Restriction applied starting from the Windows 10 1809 and Windows Server 2019 operating system mitigate this attack.
Indeed the port contacted by the COM API function is now fixed to the MSRPC endpoint and can not longer be specified, resulting in an impossibility to intercept the NTLM authentication attempt.
Exploit the fact that upon starting the BITS service attempt an NTLM authentication to the WinRM service (on port 5985).
Similarly to the exploitation process of tools from the Potato family, the NTLM authentication attempt is relayed through Windows API calls to obtain a token for the SYSTEM account.
Requires that the WinRM service is not running (default configuration on Windows workstation operating systems, including Windows 10, but not on Windows server operating systems).

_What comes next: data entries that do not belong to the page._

lemma mink_future_timelike_neg:
  assumes x: "mink x x < 0" "x$3 > 0" and y: "mink y y < 0" "y$3 > 0"
  shows "mink x y < 0"
proof -
  have "((x$1)^2 + (x$2)^2) * ((y$1)^2 + (y$2)^2) - (x$1 * y$1 + x$2 * y$2)^2
      = (x$1 * y$2 - x$2 * y$1)^2"
    by (simp add: power2_eq_square algebra_simps)
  then have "(x$1 * y$1 + x$2 * y$2)^2 \<le> ((x$1)^2 + (x$2)^2) * ((y$1)^2 + (y$2)^2)"
    by (smt (verit) zero_le_power2)
  also have "\<dots> < (x$3)^2 * (y$3)^2"
    using x y by (intro mult_strict_mono') (auto simp: mink_def power2_eq_square)
  finally have "(x$1 * y$1 + x$2 * y$2)^2 < (x$3 * y$3)^2"
    by (simp add: power_mult_distrib)
  then have "x$1 * y$1 + x$2 * y$2 < x$3 * y$3"
    using x(2) y(2) by (smt (verit) mult_pos_pos power2_le_imp_le)
  then show ?thesis
    by (simp add: mink_def)
qed

lemma future_if_mink_neg_future:
  assumes x: "mink x x < 0" "x$3 > 0" and y: "mink y y < 0" and xy: "mink x y < 0"
  shows "y$3 > 0"
proof (rule ccontr)
  assume "\<not> y$3 > 0"
  with timelike_third_coord_nonzero[OF y] have "(- y)$3 > 0"
    by simp
  then have "mink x (- y) < 0"
    using mink_future_timelike_neg[OF x, of "- y"] y by (simp add: mink_simps)
  with xy show False
    by (simp add: mink_simps)
qed

lemma hyp_plane_mink_neg: "x \<in> hyp_plane \<Longrightarrow> y \<in> hyp_plane \<Longrightarrow> mink x y < 0"
  by (rule mink_future_timelike_neg) (simp_all add: hyp_plane_def)

lemma geodD: "x \<in> geod n \<Longrightarrow> x \<in> hyp_plane \<and> mink x n = 0"
  by (simp add: geod_def)

definition geod_proj :: "real^3 \<Rightarrow> real^3 \<Rightarrow> real^3" where
  "geod_proj n z = (1 / sqrt (1 + (mink z n)^2)) *\<^sub>R (z - mink z n *\<^sub>R n)"

lemma mink_geod_proj:
  "mink (geod_proj n z) v = (mink z v - mink z n * mink n v) / sqrt (1 + (mink z n)^2)"
  by (simp add: geod_proj_def mink_simps)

Induces the SYSTEM account to connect to a controlled named pipe using the RpcRemoteFindFirstPrinterChangeNotification(Ex) function of the Print System Remote Protocol exposed on the MS-RPRN MSRPC interface (also known as "Printer Bug").
Once the SYSTEM account is connected to the controlled named pipe, it can be impersonated using the ImpersonateNamedPipeClient Win32 API function.
Requires the Print Spooler service to be running (or startable by the current user) on the host.